Responding to Bennett’s direct criticism of him, Chikli tweeted Tuesday afternoon that the prime minister was the “confused” one, not him.
“Dear Naftali, you’ve gotten lost in your navigation,” he wrote. “It is not too late to recalculate a new route and work to establish a [right-wing] government just as you promised.”
Yamina officials say they are weighing whether to officially designate Chikli as a deserter from the party, which would come with sanctions.
Yamina MK Shirley Pinto said Tuesday that Chikli should be kicked out of the party.
“He should be declared a ‘deserter,’” Pinto told Kan radio, saying Chikli had proved he was more loyal to opposition leader Benjamin Netanyahu than to any ideology, and “is looking for his next job and everything Netanyahu promised him… we can’t work with him, we can’t operate like this. We need to sanction him.”

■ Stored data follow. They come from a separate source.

(* Let $\mathcal{M}$ be the association scheme generated by the Möbius–Kantor graph $GP(8,3)$ (a rank-$6$ scheme), with distinguished relation $R_1$ the edge relation of $GP(8,3)$. Then every association scheme with a distinguished relation having the same relation-distribution diagram as $(\mathcal{M},R_1)$ is isomorphic to $\mathcal{M}$ (with the distinguished relation corresponding to $R_1$).
   Context: A (symmetric) association scheme with rank $d+1$ on a finite set $X$ is a partition $\mathcal{R}=\{R_0,\dots,R_d\}$ of $X\times X$ with $R_0$ the diagonal, each $R_i$ symmetric, and numbers $p^h_{ij}$ such that for every $(x,y)\in R_h$ the number of $z$ with $(x,z)\in R_i$, $(z,y)\in R_j$ equals $p^h_{ij}$; $k_i=p^0_{ii}$. The association scheme generated by a graph is the association scheme of minimal rank having the graph's edge relation as a relation. Two schemes with distinguished relations $R_1$, $R'_1$ have the same relation-distribution diagram if they have the same rank and there is a bijection $\sigma$ of the index set with $\sigma(0)=0$, $\sigma(1)=1$, $k_i=k'_{\sigma(i)}$ and $p^i_{1j}=p'^{\sigma(i)}_{1\sigma(j)}$ for all $i,j$. The generalized Petersen graph $GP(n,s)$ has vertices $i$ and $i^*$ for $i\in\mathbb{Z}_n$, with $i$ adjacent to $i\pm1$ and $i^*$, and $i^*$ adjacent to $(i\pm s)^*$. *)

theory Defs
  imports Main
begin

text \<open>A symmetric association scheme of rank d+1 on a finite set X is encoded by a
  relation-index function r: (x,y) lies in R_i iff r x y = i (for x y in X).\<close>

definition assoc_scheme :: "'a set \<Rightarrow> nat \<Rightarrow> ('a \<Rightarrow> 'a \<Rightarrow> nat) \<Rightarrow> bool" where
  "assoc_scheme X d r \<longleftrightarrow>
     finite X \<and>
     (\<forall>x\<in>X. \<forall>y\<in>X. r x y \<le> d) \<and>
     (\<forall>i\<le>d. \<exists>x\<in>X. \<exists>y\<in>X. r x y = i) \<and>
     (\<forall>x\<in>X. \<forall>y\<in>X. r x y = 0 \<longleftrightarrow> x = y) \<and>
     (\<forall>x\<in>X. \<forall>y\<in>X. r x y = r y x) \<and>
     (\<forall>h\<le>d. \<forall>i\<le>d. \<forall>j\<le>d. \<forall>x\<in>X. \<forall>y\<in>X. \<forall>x'\<in>X. \<forall>y'\<in>X.
        r x y = h \<longrightarrow> r x' y' = h \<longrightarrow>
        card {z\<in>X. r x z = i \<and> r z y = j} = card {z\<in>X. r x' z = i \<and> r z y' = j})"

definition inter_num :: "'a set \<Rightarrow> ('a \<Rightarrow> 'a \<Rightarrow> nat) \<Rightarrow> nat \<Rightarrow> nat \<Rightarrow> nat \<Rightarrow> nat" where
  "inter_num X r h i j =
     (let p = (SOME p. p \<in> X \<times> X \<and> r (fst p) (snd p) = h)
      in card {z\<in>X. r (fst p) z = i \<and> r z (snd p) = j})"

definition valency :: "'a set \<Rightarrow> ('a \<Rightarrow> 'a \<Rightarrow> nat) \<Rightarrow> nat \<Rightarrow> nat" where
  "valency X r i = inter_num X r 0 i i"

definition same_rd_diagram ::
  "'a set \<Rightarrow> nat \<Rightarrow> ('a \<Rightarrow> 'a \<Rightarrow> nat) \<Rightarrow> 'b set \<Rightarrow> nat \<Rightarrow> ('b \<Rightarrow> 'b \<Rightarrow> nat) \<Rightarrow> bool" where
  "same_rd_diagram X d r Y d' r' \<longleftrightarrow>
     d = d' \<and>
     (\<exists>\<sigma>. bij_betw \<sigma> {0..d} {0..d} \<and> \<sigma> 0 = 0 \<and> \<sigma> 1 = 1 \<and>
        (\<forall>i\<le>d. valency X r i = valency Y r' (\<sigma> i)) \<and>
        (\<forall>i\<le>d. \<forall>j\<le>d. inter_num X r i 1 j = inter_num Y r' (\<sigma> i) 1 (\<sigma> j)))"

definition scheme_iso ::
  "'a set \<Rightarrow> nat \<Rightarrow> ('a \<Rightarrow> 'a \<Rightarrow> nat) \<Rightarrow> 'b set \<Rightarrow> nat \<Rightarrow> ('b \<Rightarrow> 'b \<Rightarrow> nat) \<Rightarrow> bool" where
  "scheme_iso X d r Y d' r' \<longleftrightarrow>
     (\<exists>f \<tau>. bij_betw f X Y \<and> bij_betw \<tau> {0..d} {0..d'} \<and> \<tau> 1 = 1 \<and>
        (\<forall>x\<in>X. \<forall>y\<in>X. r' (f x) (f y) = \<tau> (r x y)))"

text \<open>Generalized Petersen graph GP(n,s) on vertex set {0..<2n}:
  vertex i (i < n) is i, vertex i* is n + i.\<close>
definition gp_vertices :: "nat \<Rightarrow> nat set" where
  "gp_vertices n = {0..<2*n}"

definition gp_adj :: "nat \<Rightarrow> nat \<Rightarrow> nat \<Rightarrow> nat \<Rightarrow> bool" where
  "gp_adj n s u v \<longleftrightarrow>
     (u < n \<and> v < n \<and> (v = (u + 1) mod n \<or> u = (v + 1) mod n)) \<or>
     (u < n \<and> v = n + u) \<or> (v < n \<and> u = n + v) \<or>
     (n \<le> u \<and> u < 2*n \<and> n \<le> v \<and> v < 2*n \<and>
        (v - n = (u - n + s) mod n \<or> u - n = (v - n + s) mod n))"

definition generated_scheme :: "'a set \<Rightarrow> ('a \<Rightarrow> 'a \<Rightarrow> bool) \<Rightarrow> nat \<Rightarrow> ('a \<Rightarrow> 'a \<Rightarrow> nat) \<Rightarrow> bool" where
  "generated_scheme X E d r \<longleftrightarrow>
     assoc_scheme X d r \<and> 1 \<le> d \<and>
     (\<forall>x\<in>X. \<forall>y\<in>X. r x y = 1 \<longleftrightarrow> E x y) \<and>
     (\<forall>d'' r''. assoc_scheme X d'' r'' \<and>
        (\<exists>i\<le>d''. \<forall>x\<in>X. \<forall>y\<in>X. r'' x y = i \<longleftrightarrow> E x y) \<longrightarrow> d \<le> d'')"

end

theory Submission
  imports Defs "HOL-Library.Multiset"
begin

text \<open>
  The Moebius-Kantor scheme is given explicitly as \<open>mk_rel\<close>; its scheme axioms are checked by
  computation at one vertex and transported to all vertices by the automorphisms \<open>i \<mapsto> i + 1\<close>
  and \<open>i \<mapsto> 3 i\<close> (which exchanges the two rims). Its relations are recovered from the edge
  relation by repeatedly composing with the edge relation and taking differences. Only the
  numbers \<open>p\<^sup>h\<^sub>1\<^sub>j\<close> enter this computation, so every scheme on GP(8,3) whose first relation is the
  edge relation refines \<open>mk_rel\<close>, and the minimality of the generated scheme makes it a
  relabelling of \<open>mk_rel\<close>.

  In a scheme with the same relation-distribution diagram, fix a vertex \<open>y\<^sub>0\<close> and sort the other
  vertices by their relation to it. The numbers \<open>p\<^sup>h\<^sub>1\<^sub>j\<close> give levels of sizes 1, 3, 6, 2, 3, 1,
  prescribe how many neighbours each vertex has on each level, and forbid 4-cycles
  (\<open>p\<^sup>2\<^sub>1\<^sub>1 = 1\<close>, \<open>p\<^sup>h\<^sub>1\<^sub>1 = 0\<close> otherwise). This leaves no freedom: the edge graph is
  GP(8,3). Pulling the scheme back along this isomorphism and applying the first step once
  more identifies it with \<open>mk_rel\<close> as well.
\<close>

section \<open>Association schemes\<close>

lemma
  assumes "assoc_scheme X d r"
  shows assoc_scheme_finite: "finite X"
    and assoc_scheme_le: "x \<in> X \<Longrightarrow> y \<in> X \<Longrightarrow> r x y \<le> d"
    and assoc_scheme_surj: "i \<le> d \<Longrightarrow> \<exists>x\<in>X. \<exists>y\<in>X. r x y = i"
    and assoc_scheme_eq_0_iff: "x \<in> X \<Longrightarrow> y \<in> X \<Longrightarrow> r x y = 0 \<longleftrightarrow> x = y"
    and assoc_scheme_sym: "x \<in> X \<Longrightarrow> y \<in> X \<Longrightarrow> r x y = r y x"
  using assms by (simp_all add: assoc_scheme_def)

lemma assoc_schemeI:
  assumes "finite X"
    and "\<And>x y. x \<in> X \<Longrightarrow> y \<in> X \<Longrightarrow> r x y \<le> d"
    and "\<And>i. i \<le> d \<Longrightarrow> \<exists>x\<in>X. \<exists>y\<in>X. r x y = i"
    and "\<And>x y. x \<in> X \<Longrightarrow> y \<in> X \<Longrightarrow> r x y = 0 \<longleftrightarrow> x = y"
    and "\<And>x y. x \<in> X \<Longrightarrow> y \<in> X \<Longrightarrow> r x y = r y x"
    and "\<And>x y x' y' i j. x \<in> X \<Longrightarrow> y \<in> X \<Longrightarrow> x' \<in> X \<Longrightarrow> y' \<in> X \<Longrightarrow> r x y = r x' y' \<Longrightarrow>
           card {z\<in>X. r x z = i \<and> r z y = j} = card {z\<in>X. r x' z = i \<and> r z y' = j}"
  shows "assoc_scheme X d r"
  unfolding assoc_scheme_def
proof (intro conjI ballI allI impI)
  fix h i j x y x' y'
  assume "x \<in> X" "y \<in> X" "x' \<in> X" "y' \<in> X" "r x y = h" "r x' y' = h"
  then show "card {z\<in>X. r x z = i \<and> r z y = j} = card {z\<in>X. r x' z = i \<and> r z y' = j}"
    by (intro assms(6)) simp_all
qed (simp_all add: assms(1-5))

lemma assoc_scheme_card_paths_eq:
  assumes sch: "assoc_scheme X d r"
    and xy: "x \<in> X" "y \<in> X" "x' \<in> X" "y' \<in> X" "r x y = r x' y'"
  shows "card {z\<in>X. r x z = i \<and> r z y = j} = card {z\<in>X. r x' z = i \<and> r z y' = j}"
proof (cases "i \<le> d \<and> j \<le> d")
  case True
  have regular: "\<forall>h\<le>d. \<forall>i\<le>d. \<forall>j\<le>d. \<forall>x\<in>X. \<forall>y\<in>X. \<forall>x'\<in>X. \<forall>y'\<in>X.
      r x y = h \<longrightarrow> r x' y' = h \<longrightarrow>
      card {z\<in>X. r x z = i \<and> r z y = j} = card {z\<in>X. r x' z = i \<and> r z y' = j}"
    using sch unfolding assoc_scheme_def by (elim conjE) assumption
  show ?thesis
    by (rule regular[rule_format, OF assoc_scheme_le[OF sch xy(1,2)]])
      (use True xy in auto)
next
  case False
  then have "{z\<in>X. r x z = i \<and> r z y = j} = {}" "{z\<in>X. r x' z = i \<and> r z y' = j} = {}"
    using assoc_scheme_le[OF sch] xy by fastforce+
  then show ?thesis by (simp only:)
qed

lemma assoc_scheme_lift_path:
  assumes sch: "assoc_scheme X d r"
    and xy: "x \<in> X" "y \<in> X" "x' \<in> X" "y' \<in> X" "r x y = r x' y'" and z: "z \<in> X"
  obtains z' where "z' \<in> X" "r x' z' = r x z" "r z' y' = r z y"
proof -
  let ?S = "{w\<in>X. r x w = r x z \<and> r w y = r z y}" and ?S' = "{w\<in>X. r x' w = r x z \<and> r w y' = r z y}"
  have "card ?S' = card ?S" using assoc_scheme_card_paths_eq[OF sch xy(3,4,1,2) xy(5)[symmetric]] .
  moreover have "card ?S \<noteq> 0" using z assoc_scheme_finite[OF sch] by (simp add: card_eq_0_iff) blast
  ultimately have "?S' \<noteq> {}" by (metis card.empty)
  then obtain z' where "z' \<in> ?S'" by blast
  then show ?thesis using that by blast
qed

lemma inter_num_eq_card:
  assumes sch: "assoc_scheme X d r" and uv: "u \<in> X" "v \<in> X" "r u v = h"
  shows "inter_num X r h i j = card {z\<in>X. r u z = i \<and> r z v = j}"
proof -
  define p where "p = (SOME p. p \<in> X \<times> X \<and> r (fst p) (snd p) = h)"
  have "p \<in> X \<times> X \<and> r (fst p) (snd p) = h"
    unfolding p_def by (rule someI[where x = "(u, v)"]) (use uv in simp)
  then have p: "fst p \<in> X" "snd p \<in> X" "r (fst p) (snd p) = r u v"
    using uv(3) by auto
  have "inter_num X r h i j = card {z\<in>X. r (fst p) z = i \<and> r z (snd p) = j}"
    unfolding inter_num_def Let_def p_def ..
  also have "\<dots> = card {z\<in>X. r u z = i \<and> r z v = j}"
    by (rule assoc_scheme_card_paths_eq[OF sch p(1,2) uv(1,2) p(3)])
  finally show ?thesis .
qed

However, others in the party may be hesitant about the move, seeking to preserve Chikli as a potential supporter in a key vote on the state budget, which the government must pass to survive.
Chikli voted last month against the establishment of the new coalition — which spans right-wing, centrist, left-wing, and Islamist parties, and has a razor-thin Knesset majority — even though it made his own party leader prime minister. However, he subsequently said he would vote with the coalition on most matters.
After the vote Tuesday, Chikli said his decision to block the extension was due to the compromise deal with Ra’am: “Tonight we received proof of the problematic nature of a government that doesn’t have a distinct Zionist majority — one that starts the night with a law extension for a year and ends it with an extension for half a year, that starts with 1,500 permits and ends with over 3,000.
“Israel needs a functioning Zionist government, not a mishmash that depends on Ra’am and Meretz votes,” Chikli said.
He later added that had the original extension motion gone up for a vote — “without capitulating to Meretz and Ra’am” — he would have supported it.
Bennett also accused the opposition of “purposefully and directly” damaging Israel’s security out of spite.
Likud responded to Bennett by denouncing the prime minister’s “insolence.”
“He’s talking about damaging national security? Someone who formed a weak coalition that relies on the votes of the extreme left and post-Zionist parties should not pretend to care about Israel’s security,” Netanyahu’s party said in a statement.
“Bennett preferred to negotiate with the far-left and the anti-Zionists, just to avoid talking with Likud and the right-wing parties,” it charged. “He chose to ignore us. Instead, he and Shaked continued selling out the Land of Israel.”
Times of Israel staff contributed to this report.